Either way, this article can't be held responsible for moving the dial because it is essentially Hansard with push notifications. It simply recounts what was said in the Senate Estimates hearing. I don't think that Hansard as a function can be found responsible for impacting political relationships.

What was said in the hearing certainly can, but that is the responsibility of the people asking the questions and those answering them.

Your question also has nothing to do with bias, which you brought up in the first place. Bias means there is some sort of agenda being pushed. I don't think the article is pushing an agenda.
 
I have said how it is biased, a couple of times actually.

Then sensational claims were made that it had no bias - which is an impossibility. So now you deflect because that claim is nonsensical.
Can you provide the quotes where you show how this article is biased? You've said multiple times that writing can be biased, which no one is contending. That's not the same as pointing to the ways that this article in particular, in your view, is biased.
 
What is the difference between an extra judicial killing of someone where the soldiers aren't in danger in the field and an extra judicial killing of someone where the soldiers aren't in danger in a shipping container in Utah flying the drone?

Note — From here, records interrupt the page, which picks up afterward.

text \<open>Under any strategy, the part-1 path \<open>s\<^sub>1 w\<close> and a part-2 path ending in \<open>(last w, q)\<close>
  move in lock-step: each goes to an \<open>a\<close>-state, a \<open>b\<close>-state or a \<open>$\<close>-state with probability 1/3,
  and pairing successors with equal labels is an optimal coupling. The two \<open>$\<close>-states are then
  at distance \<open>c(w, q)\<close>, the probability that the strategy moves to the sink whose label does not
  match (the \<open>x\<close>-sinks, resp. the \<open>y\<close>-sinks, are at distance 0). Hence the distances satisfy
  \<open>d(w, q) = c(w, q)/3 + (1/3) \<Sum>\<sigma> q'. \<delta>(q, \<sigma>)(q') d(w\<sigma>, q')\<close>. The series on the right-hand
  side of the theorem solves the same recursion, and since it is a 2/3-contraction on functions
  bounded by 1, the two coincide.\<close>

section \<open>Couplings and the bisimilarity distance\<close>

lemma mono_bisim_Delta: "mono (bisim_Delta \<tau> lbl)"
  unfolding mono_def le_fun_def bisim_Delta_def
  by (fastforce intro!: INF_mono nn_integral_mono)

lemma pair_pmf_in_couplings: "pair_pmf \<mu> \<nu> \<in> couplings \<mu> \<nu>"
  by (simp add: couplings_def map_fst_pair_pmf map_snd_pair_pmf)

lemma bisim_Delta_le_1:
  assumes "\<And>p. e p \<le> 1"
  shows "bisim_Delta \<tau> lbl e (s, t) \<le> 1"
proof -
  have "(INF \<omega>\<in>couplings (\<tau> s) (\<tau> t). \<integral>\<^sup>+ uv. e uv \<partial>measure_pmf \<omega>)
      \<le> \<integral>\<^sup>+ uv. e uv \<partial>measure_pmf (pair_pmf (\<tau> s) (\<tau> t))"
    by (rule INF_lower) (rule pair_pmf_in_couplings)
  also have "\<dots> \<le> \<integral>\<^sup>+ uv. 1 \<partial>measure_pmf (pair_pmf (\<tau> s) (\<tau> t))"
    by (rule nn_integral_mono) (rule assms)
  finally show ?thesis
    by (simp add: bisim_Delta_def)
qed

lemma lfp_bisim_Delta_le_1: "lfp (bisim_Delta \<tau> lbl) p \<le> 1"
proof -
  have "lfp (bisim_Delta \<tau> lbl) \<le> (\<lambda>_. 1)"
    by (rule lfp_lowerbound) (auto simp: le_fun_def intro: bisim_Delta_le_1)
  then show ?thesis
    by (cases p) (simp add: le_fun_def)
qed

lemma lfp_bisim_Delta_unfold:
  "lfp (bisim_Delta \<tau> lbl) p = bisim_Delta \<tau> lbl (lfp (bisim_Delta \<tau> lbl)) p"
  by (subst lfp_unfold[OF mono_bisim_Delta]) (rule refl)

lemma lfp_bisim_Delta_label_neq: "lbl s \<noteq> lbl t \<Longrightarrow> lfp (bisim_Delta \<tau> lbl) (s, t) = 1"
  by (subst lfp_bisim_Delta_unfold) (simp add: bisim_Delta_def)

lemma bisim_Delta_label_eq:
  "lbl s = lbl t \<Longrightarrow> bisim_Delta \<tau> lbl e (s, t) =
     (INF \<omega>\<in>couplings (\<tau> s) (\<tau> t). \<integral>\<^sup>+ uv. e uv \<partial>measure_pmf \<omega>)"
  by (simp add: bisim_Delta_def)

lemma couplings_return_pmf: "couplings \<mu> (return_pmf v) = {map_pmf (\<lambda>u. (u, v)) \<mu>}"
proof (intro equalityI subsetI)
  fix \<omega> assume "\<omega> \<in> couplings \<mu> (return_pmf v)"
  then have fst: "map_pmf fst \<omega> = \<mu>" and snd: "map_pmf snd \<omega> = return_pmf v"
    by (auto simp: couplings_def)
  have "\<omega> = map_pmf (\<lambda>x. (fst x, v)) \<omega>"
  proof (rule map_pmf_idI[symmetric])
    fix x assume "x \<in> set_pmf \<omega>"
    then have "snd x \<in> set_pmf (map_pmf snd \<omega>)" by simp
    then show "(fst x, v) = x" by (simp add: snd prod_eq_iff)
  qed
  also have "\<dots> = map_pmf (\<lambda>u. (u, v)) \<mu>"
    by (simp add: fst[symmetric] pmf.map_comp o_def)
  finally show "\<omega> \<in> {map_pmf (\<lambda>u. (u, v)) \<mu>}" by simp
qed (simp add: couplings_def pmf.map_comp o_def)
(* Let $n\ge2$ and let $A[0],\dots,A[n-1]$ be integers with $0=A[0]<A[1]<\cdots<A[n-1]=M$, and assume $2A[i]\le A[2i]$ for all $i$ with $2i\le n-1$. Let $D=Mn+1$. Consider the $0/1$-Knapsack instance with capacity $2n-1$ and the following items (weight, value): for $i=1,\dots,n-1$, an item $(i,\,2A[i])$; for each $i\in\{0,\dots,n-1\}\setminus\{1\}$, an item $(2n-1-i,\,2(D-A[i]))$; and an item $(2n-2,\,2(D-A[1])+1)$. Then the optimal value of this instance is odd if and only if $A$ is super-additive, i.e. $A[i]+A[j]\le A[i+j]$ for all $i,j\ge0$ with $i+j\le n-1$.
   Context: $0/1$-Knapsack: given items $(w_i,v_i)$ and capacity $t$, the optimal value is $\max\sum_{i\in I}v_i$ over subsets $I$ of items with $\sum_{i\in I}w_i\le t$ (each item used at most once). *)

theory Defs
  imports Main
begin

text \<open>0/1-Knapsack: items are (weight, value) pairs in a list (index = item identity,
so duplicate pairs are distinct items); the optimal value is the maximum total value
over subsets of item indices whose total weight is at most the capacity.\<close>
definition knapsack_opt :: "(nat \<times> int) list \<Rightarrow> nat \<Rightarrow> int" where
  "knapsack_opt items t =
     Max {(\<Sum>i\<in>I. snd (items ! i)) | I. I \<subseteq> {..<length items} \<and> (\<Sum>i\<in>I. fst (items ! i)) \<le> t}"

definition super_additive :: "nat \<Rightarrow> (nat \<Rightarrow> int) \<Rightarrow> bool" where
  "super_additive n A \<longleftrightarrow> (\<forall>i j. i + j \<le> n - 1 \<longrightarrow> A i + A j \<le> A (i + j))"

As I said previously, if the soldiers can't turn over a prisoner/captured enemy combatant to the national authorities for justice then we should have pulled out of the nation entirely.

But that's the reality of the world. If you lock them up they get released due to rampant corruption and are back building bombs that kill and maim people with roadside IEDs, including innocent children. They aren't doing that anymore.

It's a good bit of evidence though for reductions in power of the state though, we don't want trained killers executing the whims of power machines.
The difference there is in one instance you have the opportunity to imprison the individual without putting soldiers in harm's way, in the other you don't.

This isn't a matter of opinion, there are legal distinctions between the two scenarios.

Having said that, the US justification for drone strikes is far from universally supported (https://scholarship.law.georgetown.edu/cgi/viewcontent.cgi?article=2296&context=facpub) and so should arguably be considered a war crime as well.

Either way, the Australian examples are indefensible and I'm glad we're mature enough to call them out.